If there’s a way for you to measure a customer’s actual return on investment, by all means, do it, and tell them about it. For example, Sam’s Wholesale Club tells customers in renewal notices and at checkout exactly how much they’ve saved through their memberships. That’s great, but rarely will it be so simple in the SaaS world. Your customer success metric will more likely be an index of several different factors, some of them quantitative and some of them qualitative.
It is a complex pursuit, but a true customer success strategy involves doing the work eventually to somehow quantify the key business benefits of your product. If your product helps to generate more leads, what is considered a good outcome? Would your users view a five percent increase as success, or should it be closer to 50 percent? Identify your customer’s success point, and your calculation will naturally follow.
You can also think of quantifying revenue uplifts as well as cost savings – two different buckets that can lead to a better ROI.
A Focus on Customer Success Creates Brand Advocates
Customer success isn’t just about reducing churn, though that’s an important metric. It’s about ensuring that your customers’ needs are met beyond the point where they’re simply “satisfied” with your service. As greater customer success is achieved, your users turn into your advocates, recommending your product to their industry peers, and increasing your new sales.
Customer advocacy is one of the most important strategies in marketing. It can transform the relationship between businesses and their customers and, in doing so, convert already existing loyal customers into brand advocates and attract new ones in the process.
Learn more by downloading the Go Beyond Retention whitepaper on proven ways to keep customers coming back – and spending more.
A CS strategy is essential for SaaS providers as customer success is a more comprehensive strategic process than in other industries. From the first interactions with the product to the renewal of one’s subscription, customer success is joining path with every process of your customer journey for the overall success of your company.

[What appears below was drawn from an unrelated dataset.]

(* Let $X$ be a Riemannian manifold. Suppose that for every $i$ and every Lipschitz simplex $\sigma\in S_i^{\mathrm{Lip}}(X)$ a Lipschitz map $h_\sigma:\Delta^i\times[0,1]\to X$ is given. For $m\in\{0,1\}$ set $f^{(m)}(\sigma)=h_\sigma(\cdot,m)$, extended linearly. (a) Suppose that $h_{\partial_k\sigma}=h_\sigma\circ(\partial_k\times\mathrm{Id}_{[0,1]})$ for every Lipschitz simplex $\sigma$ and every face index $k$. Then the induced maps $f^{(0)}_*,f^{(1)}_*:C_*^{\mathrm{Lip}}(X)\to C_*^{\mathrm{Lip}}(X)$ are chain homotopic. (b) Suppose in addition that: - there are functions $b_i:\mathbb{R}_{\ge0}\to\mathbb{R}_{\ge0}$ with $\mathrm{Lip}(h_\sigma)\le b_i(\mathrm{Lip}(\sigma))$ for every $i$-simplex $\sigma$; and - for every locally finite family $\{\sigma_j\}_{j\in\mathbb{N}}$ of simplices in $X$, the family of sets $\{h_{\sigma_j}(\Delta^{*}\times[0,1])\}_{j}$ is locally finite in $X$. Then $f^{(m)}(\sum_j\lambda_j\sigma_j)=\sum_j\lambda_j f^{(m)}(\sigma_j)$, for $m=0,1$, defines maps $C_*^{\mathrm{lf},\mathrm{Lip}}(X)\to C_*^{\mathrm{lf},\mathrm{Lip}}(X)$ and $C_*^{\mathrm{lf},\mathrm{Lip},\ell^1}(X)\to C_*^{\mathrm{lf},\mathrm{Lip},\ell^1}(X)$. On each of these complexes, $f^{(0)}_*$ and $f^{(1)}_*$ are chain homotopic within that complex. (c) If moreover $h_\sigma$ is smooth whenever $\sigma$ is smooth, then the same conclusions hold for the corresponding subcomplexes of chains of smooth simplices.
   Context: All chains have real coefficients. $\Delta^i$ is the standard simplex, and $\Delta^i\times[0,1]$ carries its Euclidean metric. $\partial_k$ denotes both the $k$-th face operator and the affine inclusion $\Delta^{i-1}\to\Delta^i$ of the $k$-th face. $C_*^{\mathrm{Lip}}(X)$ is the complex of finite chains of Lipschitz simplices. A family of simplices is locally finite if every compact subset of $X$ meets the images of only finitely many of them. $C_*^{\mathrm{lf},\mathrm{Lip}}(X)$ is the complex of (possibly infinite) chains $\sum_j\lambda_j\sigma_j$ of pairwise distinct simplices with locally finite support and uniformly bounded Lipschitz constants. $C_*^{\mathrm{lf},\mathrm{Lip},\ell^1}(X)$ is its subcomplex of chains with finite $\ell^1$-norm $\sum_j|\lambda_j|$. A simplex is smooth if it extends to a $C^1$ map on a neighbourhood of $\Delta^i$ in its affine span. *)

theory Defs
  imports "HOL-Homology.Homology" "HOL-Analysis.Analysis"
begin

Keep in mind that it doesn’t come just in a metric measurement form, but it also entails having a dedicated team within your company who works on constant development and adjustments according to your results. Sometimes, a simple thing, such as a direct email or graphic change in the platform, can increase your revenue substantially.
Remember, as Peter Druker said. It is the customer who determines what a business is, what it produces, and whether it will prosper. In the end, customer success will always be the best guarantee of your business’ prosperity!